↓↓↓

lemma range_deficiency_decomposition:
  assumes opA: "is_operator A" and cl: "closed ((\<lambda>p. snd p - z *\<^sub>C fst p) ` A)"
  shows "\<exists>p\<in>A. \<exists>w. (w, cnj z *\<^sub>C w) \<in> adjoint A \<and> y = (snd p - z *\<^sub>C fst p) + w"
proof -
  define R where "R = (\<lambda>p. snd p - z *\<^sub>C fst p) ` A"
  have "csubspace R"
    unfolding csubspace_def R_def
  proof (intro conjI ballI allI impI)
    show "0 \<in> (\<lambda>p. snd p - z *\<^sub>C fst p) ` A" using operator_zero[OF opA] by force
  next
    fix a b assume "a \<in> (\<lambda>p. snd p - z *\<^sub>C fst p) ` A" "b \<in> (\<lambda>p. snd p - z *\<^sub>C fst p) ` A"
    then obtain p q where pq: "p \<in> A" "q \<in> A"
      and ab: "a = snd p - z *\<^sub>C fst p" "b = snd q - z *\<^sub>C fst q"
      by blast
    have "a + b = snd (p + q) - z *\<^sub>C fst (p + q)"
      unfolding ab by (simp add: scaleC_add_right algebra_simps)
    then show "a + b \<in> (\<lambda>p. snd p - z *\<^sub>C fst p) ` A"
      using operator_add[OF opA pq] by blast
  next
    fix c a assume "a \<in> (\<lambda>p. snd p - z *\<^sub>C fst p) ` A"
    then obtain p where "p \<in> A" "a = snd p - z *\<^sub>C fst p" by blast
    then show "c *\<^sub>C a \<in> (\<lambda>p. snd p - z *\<^sub>C fst p) ` A"
      by (auto intro!: image_eqI[where x = "scaleC_pair c p"] operator_scaleC_pair[OF opA]
          simp: scaleC_diff_right scaleC_scaleC mult.commute)
  qed
  then obtain m where "m \<in> R" and orth: "\<forall>u\<in>R. cinner (y - m) u = 0"
    using closed_csubspace_orthogonal_decomposition cl unfolding R_def by blast
  then obtain p where pA: "p \<in> A" and mp: "m = snd p - z *\<^sub>C fst p" unfolding R_def by blast
  have "(y - m, cnj z *\<^sub>C (y - m)) \<in> adjoint A"
    unfolding adjoint_iff fst_conv snd_conv
  proof
    fix q assume "q \<in> A"
    then have "cinner (y - m) (snd q - z *\<^sub>C fst q) = 0" using orth unfolding R_def by blast
    then have "cinner (snd q - z *\<^sub>C fst q) (y - m) = 0"
      by (metis cinner_commute complex_cnj_zero)
    then show "cinner (snd q) (y - m) = cinner (fst q) (cnj z *\<^sub>C (y - m))"
      by (simp add: cinner_diff_left cinner_scaleC_left cinner_scaleC_right)
  qed
  moreover have "y = (snd p - z *\<^sub>C fst p) + (y - m)" using mp by simp
  ultimately show ?thesis using pA by blast
qed

lemma unitary_add: "unitary V \<Longrightarrow> V (x + y) = V x + V y"
  and unitary_scaleC: "unitary V \<Longrightarrow> V (c *\<^sub>C x) = c *\<^sub>C V x"
  and unitary_cinner: "unitary V \<Longrightarrow> cinner (V x) (V y) = cinner x y"
  and unitary_inv_apply: "unitary V \<Longrightarrow> inv V (V x) = x"
  unfolding unitary_def by (auto simp: bij_def)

↑↑↑

▸ **Task prompt**
Using the records above, restate word for word the lines from the one with "by (metis cinner_commute" through the one with "V \<Longrightarrow> V (x", both included.

▸ **Exercise output**
      by (metis cinner_commute complex_cnj_zero)
    then show "cinner (snd q) (y - m) = cinner (fst q) (cnj z *\<^sub>C (y - m))"
      by (simp add: cinner_diff_left cinner_scaleC_left cinner_scaleC_right)
  qed
  moreover have "y = (snd p - z *\<^sub>C fst p) + (y - m)" using mp by simp
  ultimately show ?thesis using pA by blast
qed

lemma unitary_add: "unitary V \<Longrightarrow> V (x + y) = V x + V y"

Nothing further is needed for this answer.